WHAT NEEDS TO BE DONE => Beneath this instruction is a listing; print exactly the lines in it starting at the line that contains "fvl M @ fvl" and going through the line that contains "x M) \<longleftrightarrow>".
== EXERCISE DATA ==
(* Let $M$ be a $\Lambda_{\mathrm{NF}}$-inhabitant of the formula $\phi$. If $M$ is not locally compact, then there exist two addresses $b<b'$ in $\mathrm{dom}(M)$ such that $M|_b$ and $M|_{b'}$ are of the same kind and $\mathrm{Free}(M|_b)=\mathrm{Free}(M|_{b'})$. Moreover, $M$ is then not a $\Lambda_{\mathrm{NF}}$-inhabitant of $\phi$ of minimal size (size meaning $|\mathrm{dom}(M)|$).
   Context: Formulas are built from atoms with $\to$; $\mathrm{Sub}(\phi)$ is the set of subformulas of $\phi$. Let $\mathcal X$ be a countably infinite set of variables with an injective map $\mathcal O:\mathcal X\to\mathbb N$; $x<y$ iff $\mathcal O(x)<\mathcal O(y)$. Terms are pure $\lambda$-terms over $\mathcal X$, not identified up to $\alpha$-conversion; no two $\lambda$'s bind the same variable and no variable is both free and bound. $\mathrm{Free}(M)$ is the strictly increasing sequence of free variables of $M$. HRM terms: variables; $\lambda x.M$ with $M$ HRM and $x$ the greatest free variable of $M$; $(MN)$ with $M,N$ HRM and every free variable of $M$ $\le$ some free variable of $N$. Fix $\Omega$ from variables to formulas with each $\Omega^{-1}(\phi)$ infinite. Typing: $x:\Omega(x)$; $\lambda x.M:\chi\to\psi$ if $x:\chi$, $M:\psi$, $\lambda x.M$ HRM; $(MN):\psi$ if $M:\chi\to\psi$, $N:\chi$, $(MN)$ HRM. $\Lambda_{\mathrm{NF}}$ is the set of typed $\beta$-normal terms; a $\Lambda_{\mathrm{NF}}$-inhabitant of $\phi$ is a closed term of $\Lambda_{\mathrm{NF}}$ of type $\phi$. Two terms of $\Lambda_{\mathrm{NF}}$ are of the same kind if both are variables, or both applications, or both abstractions, and they have the same type. Addresses are finite sequences of positive integers with prefix order $\le$ ($<$ strict), concatenation $\cdot$, empty address $\varepsilon$. Terms are identified with trees: $x$ is $\varepsilon\mapsto x$; $\lambda x.M$ maps $\varepsilon$ to $\lambda x$ with subtree $M$ at $(1)$; $(M_1M_2)$ maps $\varepsilon$ to $@$ with subtrees at $(1),(2)$; $M|_a$ is the subterm at $a$. For a partial tree $\pi$, $\pi|_a$ is $c\mapsto\pi(a\cdot c)$. Let $\mathfrak S$ consist of all formulas (arity 0) and symbols $@_\phi$ (arity 2). A blueprint is a finite partial tree with values in $\mathfrak S$ such that if $\alpha(a)=@_\phi$ then $\alpha|_{a\cdot(1)},\alpha|_{a\cdot(2)}$ have non-empty domains. The relative depth of an address $a$ in a blueprint $\alpha$ is the number of $b\in\mathrm{dom}(\alpha)$ with $b<a$; the relative depth of $\alpha$ is $0$ if $\alpha$ is empty and otherwise the maximal relative depth of an address of $\mathrm{dom}(\alpha)$. The stable part of $M\in\Lambda_{\mathrm{NF}}$ is the set of $a\in\mathrm{dom}(M)$ with $\mathrm{Free}(M|_a)\subseteq\mathrm{Free}(M)$ and $M|_a$ a variable or an application; the blueprint of $M$ maps each $a$ in the stable part to $\psi$ if $M|_a$ is a variable of type $\psi$ and to $@_\psi$ if $M|_a$ is an application of type $\psi$. For $a\in\mathrm{dom}(M)$, $\Lambda(M,a)$ is the sequence $(x_1,\dots,x_k)$ of variables such that $(\lambda x_1,\dots,\lambda x_k)$ are, in order, the labels of the form $\lambda x$ of $M$ at the prefixes of $a$ (including $a$). A $\Lambda_{\mathrm{NF}}$-inhabitant $M$ of $\phi$ is locally compact if for every $a\in\mathrm{dom}(M)$ the blueprint of $M|_a$ has relative depth at most $|\Lambda(M,a)|\times|\mathrm{Sub}(\phi)|$. *)

theory Defs
  imports Main "HOL-Library.Sublist"
begin

datatype 'a form = Atom 'a | Imp "'a form" "'a form"

fun Sub :: "'a form \<Rightarrow> 'a form set" where
  "Sub (Atom p) = {Atom p}"
| "Sub (Imp A B) = insert (Imp A B) (Sub A \<union> Sub B)"

section \<open>Terms (not identified up to alpha-conversion)\<close>

datatype 'v trm = Var 'v | Lam 'v "'v trm" | App "'v trm" "'v trm"

fun fvl :: "'v trm \<Rightarrow> 'v list" where
  "fvl (Var x) = [x]"
| "fvl (Lam x M) = filter (\<lambda>y. y \<noteq> x) (fvl M)"
| "fvl (App M N) = fvl M @ fvl N"

definition fv :: "'v trm \<Rightarrow> 'v set" where
  "fv M = set (fvl M)"

definition Free :: "('v \<Rightarrow> nat) \<Rightarrow> 'v trm \<Rightarrow> 'v list" where
  "Free ord M = sort_key ord (remdups (fvl M))"

fun binders :: "'v trm \<Rightarrow> 'v list" where
  "binders (Var x) = []"
| "binders (Lam x M) = x # binders M"
| "binders (App M N) = binders M @ binders N"

text \<open>Standing convention: no two lambdas bind the same variable, and no variable
  is both free and bound.\<close>
definition wf_binders :: "'v trm \<Rightarrow> bool" where
  "wf_binders M \<longleftrightarrow> distinct (binders M) \<and> set (binders M) \<inter> fv M = {}"

text \<open>HRM terms, with x < y iff ord x < ord y.\<close>
fun HRM :: "('v \<Rightarrow> nat) \<Rightarrow> 'v trm \<Rightarrow> bool" where
  "HRM ord (Var x) = True"
| "HRM ord (Lam x M) \<longleftrightarrow> HRM ord M \<and> x \<in> fv M \<and> (\<forall>y\<in>fv M. ord y \<le> ord x)"
| "HRM ord (App M N) \<longleftrightarrow> HRM ord M \<and> HRM ord N \<and> (\<forall>y\<in>fv M. \<exists>z\<in>fv N. ord y \<le> ord z)"

inductive typed :: "('v \<Rightarrow> nat) \<Rightarrow> ('v \<Rightarrow> 'a form) \<Rightarrow> 'v trm \<Rightarrow> 'a form \<Rightarrow> bool"
  for ord :: "'v \<Rightarrow> nat" and \<Omega> :: "'v \<Rightarrow> 'a form" where
  tVar: "typed ord \<Omega> (Var x) (\<Omega> x)"
| tLam: "typed ord \<Omega> M \<psi> \<Longrightarrow> HRM ord (Lam x M) \<Longrightarrow> typed ord \<Omega> (Lam x M) (Imp (\<Omega> x) \<psi>)"
| tApp: "typed ord \<Omega> M (Imp \<chi> \<psi>) \<Longrightarrow> typed ord \<Omega> N \<chi> \<Longrightarrow> HRM ord (App M N)
          \<Longrightarrow> typed ord \<Omega> (App M N) \<psi>"

fun beta_normal :: "'v trm \<Rightarrow> bool" where
  "beta_normal (Var x) = True"
| "beta_normal (Lam x M) = beta_normal M"
| "beta_normal (App M N) \<longleftrightarrow> (\<forall>y P. M \<noteq> Lam y P) \<and> beta_normal M \<and> beta_normal N"

definition LambdaNF :: "('v \<Rightarrow> nat) \<Rightarrow> ('v \<Rightarrow> 'a form) \<Rightarrow> 'v trm \<Rightarrow> bool" where
  "LambdaNF ord \<Omega> M \<longleftrightarrow> wf_binders M \<and> beta_normal M \<and> (\<exists>\<tau>. typed ord \<Omega> M \<tau>)"

definition inhabitant :: "('v \<Rightarrow> nat) \<Rightarrow> ('v \<Rightarrow> 'a form) \<Rightarrow> 'v trm \<Rightarrow> 'a form \<Rightarrow> bool" where
  "inhabitant ord \<Omega> M \<phi> \<longleftrightarrow> LambdaNF ord \<Omega> M \<and> fv M = {} \<and> typed ord \<Omega> M \<phi>"

definition same_kind :: "('v \<Rightarrow> nat) \<Rightarrow> ('v \<Rightarrow> 'a form) \<Rightarrow> 'v trm \<Rightarrow> 'v trm \<Rightarrow> bool" where
  "same_kind ord \<Omega> M N \<longleftrightarrow>
     ((\<exists>x y. M = Var x \<and> N = Var y) \<or> (\<exists>M1 M2 N1 N2. M = App M1 M2 \<and> N = App N1 N2)
       \<or> (\<exists>x M1 y N1. M = Lam x M1 \<and> N = Lam y N1))
     \<and> (\<exists>\<tau>. typed ord \<Omega> M \<tau> \<and> typed ord \<Omega> N \<tau>)"

fun subt :: "'v trm \<Rightarrow> nat list \<Rightarrow> 'v trm option" where
  "subt M [] = Some M"
| "subt (Var x) (i # a) = None"
| "subt (Lam x M) (i # a) = (if i = 1 then subt M a else None)"
| "subt (App M N) (i # a) = (if i = 1 then subt M a else if i = 2 then subt N a else None)"

definition tdom :: "'v trm \<Rightarrow> nat list set" where
  "tdom M = {a. subt M a \<noteq> None}"

definition at :: "'v trm \<Rightarrow> nat list \<Rightarrow> 'v trm" (infixl "|@" 90) where
  "M |@ a = the (subt M a)"

text \<open>Lambda(M,a): variables of lambda labels at prefixes of a (including a), in order.\<close>
fun lams :: "'v trm \<Rightarrow> nat list \<Rightarrow> 'v list" where
  "lams (Var x) a = []"
| "lams (Lam x M) [] = [x]"
| "lams (Lam x M) (i # a) = (if i = 1 then x # lams M a else [])"
| "lams (App M N) [] = []"
| "lams (App M N) (i # a) = (if i = 1 then lams M a else if i = 2 then lams N a else [])"

datatype 'a sym = SForm "'a form" | SApp "'a form"

type_synonym 'a ptree = "nat list \<Rightarrow> 'a sym option"

definition rel_depth_addr :: "'a ptree \<Rightarrow> nat list \<Rightarrow> nat" where
  "rel_depth_addr \<alpha> a = card {b \<in> dom \<alpha>. strict_prefix b a}"

definition rel_depth :: "'a ptree \<Rightarrow> nat" where
  "rel_depth \<alpha> = (if dom \<alpha> = {} then 0 else Max (rel_depth_addr \<alpha> ` dom \<alpha>))"

definition stable_part :: "('v \<Rightarrow> nat) \<Rightarrow> 'v trm \<Rightarrow> nat list set" where
  "stable_part ord M = {a \<in> tdom M. set (Free ord (M |@ a)) \<subseteq> set (Free ord M)
       \<and> ((\<exists>x. M |@ a = Var x) \<or> (\<exists>P Q. M |@ a = App P Q))}"

definition blueprint :: "('v \<Rightarrow> nat) \<Rightarrow> ('v \<Rightarrow> 'a form) \<Rightarrow> 'v trm \<Rightarrow> 'a ptree" where
  "blueprint ord \<Omega> M a =
     (if a \<in> stable_part ord M then
        (case M |@ a of
           Var x \<Rightarrow> Some (SForm (THE \<tau>. typed ord \<Omega> (M |@ a) \<tau>))
         | App P Q \<Rightarrow> Some (SApp (THE \<tau>. typed ord \<Omega> (M |@ a) \<tau>))
         | Lam y P \<Rightarrow> None)
      else None)"

definition locally_compact :: "('v \<Rightarrow> nat) \<Rightarrow> ('v \<Rightarrow> 'a form) \<Rightarrow> 'v trm \<Rightarrow> 'a form \<Rightarrow> bool" where
  "locally_compact ord \<Omega> M \<phi> \<longleftrightarrow> inhabitant ord \<Omega> M \<phi> \<and>
     (\<forall>a \<in> tdom M. rel_depth (blueprint ord \<Omega> (M |@ a)) \<le> length (lams M a) * card (Sub \<phi>))"

end

theory Submission
  imports Defs
begin

text \<open>
  If \<open>M\<close> is not locally compact, some blueprint of a subterm \<open>N = M|\<^sub>a\<close> has an address
  \<open>c\<close> with more than \<open>|\<Lambda>(M,a)| \<times> |Sub \<phi>|\<close> stable strict prefixes. These prefixes are
  applications (a variable is a leaf), their free variables form a chain of nonempty subsets
  of \<open>Free(N) \<subseteq> \<Lambda>(M,a)\<close> (the binder conventions forbid recapturing a free variable of
  \<open>N\<close>), and their types are subformulas of \<open>\<phi>\<close>. By pigeonhole two of them, \<open>b < b'\<close>,
  agree in free variables and type, and grafting \<open>M|\<^sub>b\<^sub>'\<close> at \<open>b\<close> gives a strictly
  smaller inhabitant of \<open>\<phi>\<close>.
\<close>

lemma fv_simps [simp]:
  "fv (Var x) = {x}" "fv (Lam x P) = fv P - {x}" "fv (App P Q) = fv P \<union> fv Q"
  by (auto simp: fv_def)

lemma set_Free: "set (Free ord t) = fv t"
  by (simp add: Free_def fv_def)

lemma Free_eqI: "inj ord \<Longrightarrow> fv s = fv t \<Longrightarrow> Free ord s = Free ord t"
  unfolding Free_def
  by (rule map_sorted_distinct_set_unique[where f = ord])
     (auto simp: fv_def distinct_map inj_on_def dest: injD)

lemma tdom_Var [simp]: "tdom (Var x) = {[]}"
  by (auto simp: tdom_def elim: subt.elims)

lemma tdom_Lam: "tdom (Lam x P) = insert [] ((#) 1 ` tdom P)"
proof -
  have "a \<in> (#) 1 ` tdom P" if "subt (Lam x P) a \<noteq> None" "a \<noteq> []" for a
    using that by (cases a) (auto simp: tdom_def split: if_splits)
  then show ?thesis by (auto simp: tdom_def)
qed

lemma tdom_App: "tdom (App P Q) = insert [] ((#) 1 ` tdom P \<union> (#) 2 ` tdom Q)"
proof -
  have "a \<in> (#) 1 ` tdom P \<union> (#) 2 ` tdom Q" if "subt (App P Q) a \<noteq> None" "a \<noteq> []" for a
    using that by (cases a) (auto simp: tdom_def split: if_splits)
  then show ?thesis by (auto simp: tdom_def)
qed

lemma Nil_in_tdom [simp]: "[] \<in> tdom t"
  by (simp add: tdom_def)

lemma at_simps [simp]:
  "t |@ [] = t"
  "Lam x P |@ (Suc 0 # d) = P |@ d"
  "App P Q |@ (Suc 0 # d) = P |@ d"
  "App P Q |@ (Suc (Suc 0) # d) = Q |@ d"
  by (auto simp: at_def)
===
EXPECTED ANSWER =>
| "fvl (App M N) = fvl M @ fvl N"

definition fv :: "'v trm \<Rightarrow> 'v set" where
  "fv M = set (fvl M)"

definition Free :: "('v \<Rightarrow> nat) \<Rightarrow> 'v trm \<Rightarrow> 'v list" where
  "Free ord M = sort_key ord (remdups (fvl M))"

fun binders :: "'v trm \<Rightarrow> 'v list" where
  "binders (Var x) = []"
| "binders (Lam x M) = x # binders M"
| "binders (App M N) = binders M @ binders N"

text \<open>Standing convention: no two lambdas bind the same variable, and no variable
  is both free and bound.\<close>
definition wf_binders :: "'v trm \<Rightarrow> bool" where
  "wf_binders M \<longleftrightarrow> distinct (binders M) \<and> set (binders M) \<inter> fv M = {}"

text \<open>HRM terms, with x < y iff ord x < ord y.\<close>
fun HRM :: "('v \<Rightarrow> nat) \<Rightarrow> 'v trm \<Rightarrow> bool" where
  "HRM ord (Var x) = True"
| "HRM ord (Lam x M) \<longleftrightarrow> HRM ord M \<and> x \<in> fv M \<and> (\<forall>y\<in>fv M. ord y \<le> ord x)"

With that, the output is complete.